━━ PROVIDED RECORDS

(* Let $n\ge2$, $\omega\in\mathbb{R}^n$, $k\in\mathbb{R}_{>0}^n$ satisfy (IC1) $\sum_\mu\omega_\mu=0$, (IC2) $\omega\ne0$, (IC3) $\left|\frac{\omega_1}{k_1}\right|\le\cdots\le\left|\frac{\omega_n}{k_n}\right|$, and (IC4) $k_1\ge k_2\ge\cdots\ge k_n$. For $\sigma\in\{-1,+1\}^n$ let $f_\sigma(R)=-R+\frac1n\sum_{\mu=1}^n\sigma_\mu\sqrt{k_\mu^2R-\omega_\mu^2}$. Let $\sigma\in\{-1,+1\}^n$ and indices $\mu<\nu$ with $\sigma_\mu=+1$, $\sigma_\nu=-1$, and let $\sigma'$ agree with $\sigma$ except that $\sigma'_\mu=-1$ and $\sigma'_\nu=+1$. If $f_\sigma$ has no positive roots, then $f_{\sigma'}$ has no positive roots.
   Context: Square roots are nonnegative real square roots; a positive root of $f_\sigma$ is a real $R>0$ with $k_\mu^2R-\omega_\mu^2\ge0$ for all $\mu$ and $f_\sigma(R)=0$. *)

theory Defs
  imports Complex_Main
begin

text \<open>Vectors in R^n are functions nat => real indexed by 1..n.
  A sign vector sigma takes values in {-1,+1} on 1..n.\<close>

definition f_sigma :: "nat \<Rightarrow> (nat \<Rightarrow> real) \<Rightarrow> (nat \<Rightarrow> real) \<Rightarrow> (nat \<Rightarrow> real) \<Rightarrow> real \<Rightarrow> real" where
  "f_sigma n k \<omega> \<sigma> R = - R + (1 / real n) * (\<Sum>\<mu>=1..n. \<sigma> \<mu> * sqrt ((k \<mu>)\<^sup>2 * R - (\<omega> \<mu>)\<^sup>2))"

definition positive_root :: "nat \<Rightarrow> (nat \<Rightarrow> real) \<Rightarrow> (nat \<Rightarrow> real) \<Rightarrow> (nat \<Rightarrow> real) \<Rightarrow> real \<Rightarrow> bool" where
  "positive_root n k \<omega> \<sigma> R \<longleftrightarrow> R > 0 \<and> (\<forall>\<mu>\<in>{1..n}. (k \<mu>)\<^sup>2 * R - (\<omega> \<mu>)\<^sup>2 \<ge> 0) \<and> f_sigma n k \<omega> \<sigma> R = 0"

end

theory Submission
  imports Defs
begin

text \<open>If \<open>f\<^sub>\<sigma>\<^sub>'(R) = 0\<close>, then \<open>f\<^sub>\<sigma>(R) \<ge> 0\<close>: swapping the signs changes \<open>f\<close> by
  \<open>2(s\<^sub>\<mu> - s\<^sub>\<nu>)/n\<close>, where \<open>s\<^sub>i = sqrt(k\<^sub>i\<^sup>2R - \<omega>\<^sub>i\<^sup>2)\<close>, and (IC3), (IC4) give
  \<open>s\<^sub>\<nu> \<le> s\<^sub>\<mu>\<close> for \<open>\<mu> < \<nu>\<close>. Since \<open>f\<^sub>\<sigma>(R) \<le> -R + O(sqrt R)\<close>, the intermediate value
  theorem yields a root of \<open>f\<^sub>\<sigma>\<close> beyond \<open>R\<close>, where all radicands remain nonnegative.\<close>

lemma radicand_nonneg_mono:
  fixes k w R R' :: real
  assumes "0 \<le> k\<^sup>2 * R - w\<^sup>2" "R \<le> R'"
  shows "0 \<le> k\<^sup>2 * R' - w\<^sup>2"
  using assms mult_left_mono[of R R' "k\<^sup>2"] by simp

lemma radicand_le_radicand:
  fixes k k' w w' R :: real
  assumes "0 < k'" "k' \<le> k" "\<bar>w / k\<bar> \<le> \<bar>w' / k'\<bar>" "0 \<le> k'\<^sup>2 * R - w'\<^sup>2"
  shows "k'\<^sup>2 * R - w'\<^sup>2 \<le> k\<^sup>2 * R - w\<^sup>2"
proof -
  define a b where "a = (w / k)\<^sup>2" and "b = (w' / k')\<^sup>2"
  have "0 < k" using assms(1,2) by simp
  then have w: "w\<^sup>2 = k\<^sup>2 * a" and w': "w'\<^sup>2 = k'\<^sup>2 * b"
    using assms(1) by (simp_all add: a_def b_def power_divide)
  have "a \<le> b"
    unfolding a_def b_def using assms(3) by (metis abs_ge_zero power2_abs power_mono)
  have "0 \<le> R - b"
    using assms(1,4) w' by (simp add: right_diff_distrib[symmetric] zero_le_mult_iff)
  then have "k'\<^sup>2 * (R - b) \<le> k\<^sup>2 * (R - b)"
    using assms(1,2) by (intro mult_right_mono power_mono) auto
  also have "\<dots> \<le> k\<^sup>2 * (R - a)"
    using \<open>a \<le> b\<close> by (intro mult_left_mono) auto
  finally show ?thesis
    using w w' by (simp add: algebra_simps)
qed

lemma abs_sqrt_radicand_le:
  fixes k w R :: real
  assumes "0 \<le> R"
  shows "\<bar>sqrt (k\<^sup>2 * R - w\<^sup>2)\<bar> \<le> \<bar>k\<bar> * sqrt R + \<bar>w\<bar>"
proof -
  have "\<bar>sqrt (k\<^sup>2 * R - w\<^sup>2)\<bar> = sqrt \<bar>k\<^sup>2 * R - w\<^sup>2\<bar>"
    by (simp add: real_sqrt_abs')
  also have "\<dots> \<le> sqrt (k\<^sup>2 * R + w\<^sup>2)"
    using assms by (intro real_sqrt_le_mono) (simp add: abs_le_iff)
  also have "\<dots> \<le> sqrt (k\<^sup>2 * R) + sqrt (w\<^sup>2)"
    using assms by (intro sqrt_add_le_add_sqrt) simp_all
  also have "\<dots> = \<bar>k\<bar> * sqrt R + \<bar>w\<bar>"
    by (simp add: real_sqrt_mult)
  finally show ?thesis .
qed

lemma isCont_f_sigma: "isCont (f_sigma n k \<omega> \<sigma>) R"
  unfolding f_sigma_def[abs_def] by (intro continuous_intros)

text \<open>No domain condition is needed: \<open>sqrt\<close> of a negative number is a negative real here.\<close>

lemma f_sigma_negative_beyond:
  assumes "\<forall>i\<in>{1..n}. \<bar>\<sigma> i\<bar> \<le> 1"
  shows "\<exists>R\<ge>R\<^sub>0. f_sigma n k \<omega> \<sigma> R < 0"
proof -
  define C where "C = (\<Sum>i=1..n. \<bar>k i\<bar> + \<bar>\<omega> i\<bar>)"
  define R where "R = max R\<^sub>0 (max 1 ((C + 1)\<^sup>2))"
  have "C \<ge> 0" unfolding C_def by (intro sum_nonneg) simp
  have "1 \<le> R" "(C + 1)\<^sup>2 \<le> R"
    unfolding R_def by linarith+
  then have "1 \<le> sqrt R" "C + 1 \<le> sqrt R"
    using \<open>C \<ge> 0\<close> real_sqrt_le_mono[of "(C + 1)\<^sup>2" R] by auto
  have term_le: "\<sigma> i * sqrt ((k i)\<^sup>2 * R - (\<omega> i)\<^sup>2) \<le> (\<bar>k i\<bar> + \<bar>\<omega> i\<bar>) * sqrt R"
    if "i \<in> {1..n}" for i
  proof -
    have "\<sigma> i * sqrt ((k i)\<^sup>2 * R - (\<omega> i)\<^sup>2)
        \<le> \<bar>\<sigma> i\<bar> * \<bar>sqrt ((k i)\<^sup>2 * R - (\<omega> i)\<^sup>2)\<bar>"
      by (metis abs_ge_self abs_mult)
    also have "\<dots> \<le> \<bar>sqrt ((k i)\<^sup>2 * R - (\<omega> i)\<^sup>2)\<bar>"
      using assms that by (intro mult_left_le_one_le) auto
    also have "\<dots> \<le> \<bar>k i\<bar> * sqrt R + \<bar>\<omega> i\<bar>"
      using \<open>1 \<le> sqrt R\<close> by (intro abs_sqrt_radicand_le) (simp add: R_def)
    also have "\<dots> \<le> (\<bar>k i\<bar> + \<bar>\<omega> i\<bar>) * sqrt R"
      using \<open>1 \<le> sqrt R\<close> mult_left_mono[of 1 "sqrt R" "\<bar>\<omega> i\<bar>"] by (simp add: distrib_right)
    finally show ?thesis .
  qed
  have sum_le: "(\<Sum>i=1..n. \<sigma> i * sqrt ((k i)\<^sup>2 * R - (\<omega> i)\<^sup>2)) \<le> C * sqrt R"
    unfolding C_def sum_distrib_right by (intro sum_mono term_le)
  have "(1 / real n) * (\<Sum>i=1..n. \<sigma> i * sqrt ((k i)\<^sup>2 * R - (\<omega> i)\<^sup>2))
      \<le> (1 / real n) * (C * sqrt R)"
    using sum_le by (intro mult_left_mono) auto
  also have "\<dots> \<le> C * sqrt R"
    using \<open>C \<ge> 0\<close> \<open>1 \<le> sqrt R\<close> by (intro mult_left_le_one_le) (auto simp: divide_le_eq_1)
  finally have "f_sigma n k \<omega> \<sigma> R \<le> - R + C * sqrt R"
    unfolding f_sigma_def by simp
  also have "\<dots> < 0"
  proof -
    have "C * sqrt R < (C + 1) * sqrt R" using \<open>1 \<le> sqrt R\<close> by (simp add: distrib_right)
    also have "\<dots> \<le> sqrt R * sqrt R" using \<open>C + 1 \<le> sqrt R\<close> \<open>1 \<le> sqrt R\<close> by (intro mult_right_mono) auto
    also have "\<dots> = R" using \<open>1 \<le> R\<close> by simp
    finally show ?thesis by simp
  qed
  finally show ?thesis
    by (intro exI[of _ R]) (simp add: R_def)
qed

lemma positive_root_if_f_sigma_nonneg:
  assumes "\<forall>i\<in>{1..n}. \<bar>\<sigma> i\<bar> \<le> 1"
    and "0 < R\<^sub>1" "\<forall>i\<in>{1..n}. 0 \<le> (k i)\<^sup>2 * R\<^sub>1 - (\<omega> i)\<^sup>2"
    and "0 \<le> f_sigma n k \<omega> \<sigma> R\<^sub>1"
  shows "\<exists>R. positive_root n k \<omega> \<sigma> R"
proof -
  obtain R\<^sub>2 where "R\<^sub>1 \<le> R\<^sub>2" "f_sigma n k \<omega> \<sigma> R\<^sub>2 < 0"
    using f_sigma_negative_beyond[OF assms(1)] by blast
  then obtain R where "R\<^sub>1 \<le> R" "R \<le> R\<^sub>2" "f_sigma n k \<omega> \<sigma> R = 0"
    using IVT2[of "f_sigma n k \<omega> \<sigma>" R\<^sub>2 0 R\<^sub>1] assms(4) isCont_f_sigma by force
  then have "positive_root n k \<omega> \<sigma> R"
    using assms(2,3) radicand_nonneg_mono unfolding positive_root_def by fastforce
  then show ?thesis ..
qed

lemma f_sigma_swap_signs:
  assumes "\<mu> \<in> {1..n}" "\<nu> \<in> {1..n}" "\<mu> \<noteq> \<nu>"
    and "\<forall>i\<in>{1..n}. i \<noteq> \<mu> \<and> i \<noteq> \<nu> \<longrightarrow> \<sigma>' i = \<sigma> i"
    and "\<sigma> \<mu> = 1" "\<sigma> \<nu> = -1" "\<sigma>' \<mu> = -1" "\<sigma>' \<nu> = 1"
  shows "f_sigma n k \<omega> \<sigma> R = f_sigma n k \<omega> \<sigma>' R
    + 2 / real n * (sqrt ((k \<mu>)\<^sup>2 * R - (\<omega> \<mu>)\<^sup>2) - sqrt ((k \<nu>)\<^sup>2 * R - (\<omega> \<nu>)\<^sup>2))"
proof -
  define s where "s i = sqrt ((k i)\<^sup>2 * R - (\<omega> i)\<^sup>2)" for i
  have "(\<Sum>i=1..n. \<sigma> i * s i) - (\<Sum>i=1..n. \<sigma>' i * s i) = (\<Sum>i=1..n. (\<sigma> i - \<sigma>' i) * s i)"
    by (simp add: sum_subtractf left_diff_distrib)
  also have "\<dots> = (\<Sum>i\<in>{\<mu>, \<nu>}. (\<sigma> i - \<sigma>' i) * s i)"
    using assms(1,2,4) by (intro sum.mono_neutral_right) auto
  also have "\<dots> = 2 * (s \<mu> - s \<nu>)"
    using assms(3,5-8) by simp
  finally have "(\<Sum>i=1..n. \<sigma> i * s i) = (\<Sum>i=1..n. \<sigma>' i * s i) + 2 * (s \<mu> - s \<nu>)"
    by simp
  then show ?thesis
    unfolding f_sigma_def s_def[symmetric] by (simp add: distrib_left)
qed

theorem lemma4:
  fixes n :: nat and \<omega> k \<sigma> \<sigma>' :: "nat \<Rightarrow> real" and \<mu> \<nu> :: nat
  assumes n2: "n \<ge> 2"
    and kpos: "\<forall>i\<in>{1..n}. k i > 0"
    and IC1: "(\<Sum>i=1..n. \<omega> i) = 0"
    and IC2: "\<exists>i\<in>{1..n}. \<omega> i \<noteq> 0"
    and IC3: "\<forall>i\<in>{1..n}. \<forall>j\<in>{1..n}. i \<le> j \<longrightarrow> \<bar>\<omega> i / k i\<bar> \<le> \<bar>\<omega> j / k j\<bar>"
    and IC4: "\<forall>i\<in>{1..n}. \<forall>j\<in>{1..n}. i \<le> j \<longrightarrow> k j \<le> k i"
    and sig: "\<forall>i\<in>{1..n}. \<sigma> i = 1 \<or> \<sigma> i = -1"
    and idx: "\<mu> \<in> {1..n}" "\<nu> \<in> {1..n}" "\<mu> < \<nu>"
    and sm: "\<sigma> \<mu> = 1" and sn: "\<sigma> \<nu> = -1"
    and sig': "\<forall>i\<in>{1..n}. i \<noteq> \<mu> \<and> i \<noteq> \<nu> \<longrightarrow> \<sigma>' i = \<sigma> i"
    and sm': "\<sigma>' \<mu> = -1" and sn': "\<sigma>' \<nu> = 1"
    and noroot: "\<not> (\<exists>R. positive_root n k \<omega> \<sigma> R)"
  shows "\<not> (\<exists>R. positive_root n k \<omega> \<sigma>' R)"
proof
  assume "\<exists>R. positive_root n k \<omega> \<sigma>' R"
  then obtain R where R: "0 < R" "\<forall>i\<in>{1..n}. 0 \<le> (k i)\<^sup>2 * R - (\<omega> i)\<^sup>2"
      "f_sigma n k \<omega> \<sigma>' R = 0"
    unfolding positive_root_def by blast
  have "(k \<nu>)\<^sup>2 * R - (\<omega> \<nu>)\<^sup>2 \<le> (k \<mu>)\<^sup>2 * R - (\<omega> \<mu>)\<^sup>2"
    using idx kpos IC3 IC4 R(2) by (intro radicand_le_radicand) auto
  then have "0 \<le> 2 / real n * (sqrt ((k \<mu>)\<^sup>2 * R - (\<omega> \<mu>)\<^sup>2) - sqrt ((k \<nu>)\<^sup>2 * R - (\<omega> \<nu>)\<^sup>2))"
    by simp
  then have "0 \<le> f_sigma n k \<omega> \<sigma> R"
    using f_sigma_swap_signs[of \<mu> n \<nu> \<sigma>' \<sigma> k \<omega> R] idx sig' sm sn sm' sn' R(3) by simp
  moreover have "\<forall>i\<in>{1..n}. \<bar>\<sigma> i\<bar> \<le> 1"
    using sig by auto
  ultimately show False
    using positive_root_if_f_sigma_nonneg R(1,2) noroot by blast
qed

end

━━━━

Your answer must consist solely of the lines above between the line holding "using f_sigma_negative_beyond[OF assms(1)]" and the line holding "define s where", inclusive, copied exactly.

SOLVED EXERCISE ▸
    using f_sigma_negative_beyond[OF assms(1)] by blast
  then obtain R where "R\<^sub>1 \<le> R" "R \<le> R\<^sub>2" "f_sigma n k \<omega> \<sigma> R = 0"
    using IVT2[of "f_sigma n k \<omega> \<sigma>" R\<^sub>2 0 R\<^sub>1] assms(4) isCont_f_sigma by force
  then have "positive_root n k \<omega> \<sigma> R"
    using assms(2,3) radicand_nonneg_mono unfolding positive_root_def by fastforce
  then show ?thesis ..
qed

lemma f_sigma_swap_signs:
  assumes "\<mu> \<in> {1..n}" "\<nu> \<in> {1..n}" "\<mu> \<noteq> \<nu>"
    and "\<forall>i\<in>{1..n}. i \<noteq> \<mu> \<and> i \<noteq> \<nu> \<longrightarrow> \<sigma>' i = \<sigma> i"
    and "\<sigma> \<mu> = 1" "\<sigma> \<nu> = -1" "\<sigma>' \<mu> = -1" "\<sigma>' \<nu> = 1"
  shows "f_sigma n k \<omega> \<sigma> R = f_sigma n k \<omega> \<sigma>' R
    + 2 / real n * (sqrt ((k \<mu>)\<^sup>2 * R - (\<omega> \<mu>)\<^sup>2) - sqrt ((k \<nu>)\<^sup>2 * R - (\<omega> \<nu>)\<^sup>2))"
proof -
  define s where "s i = sqrt ((k i)\<^sup>2 * R - (\<omega> i)\<^sup>2)" for i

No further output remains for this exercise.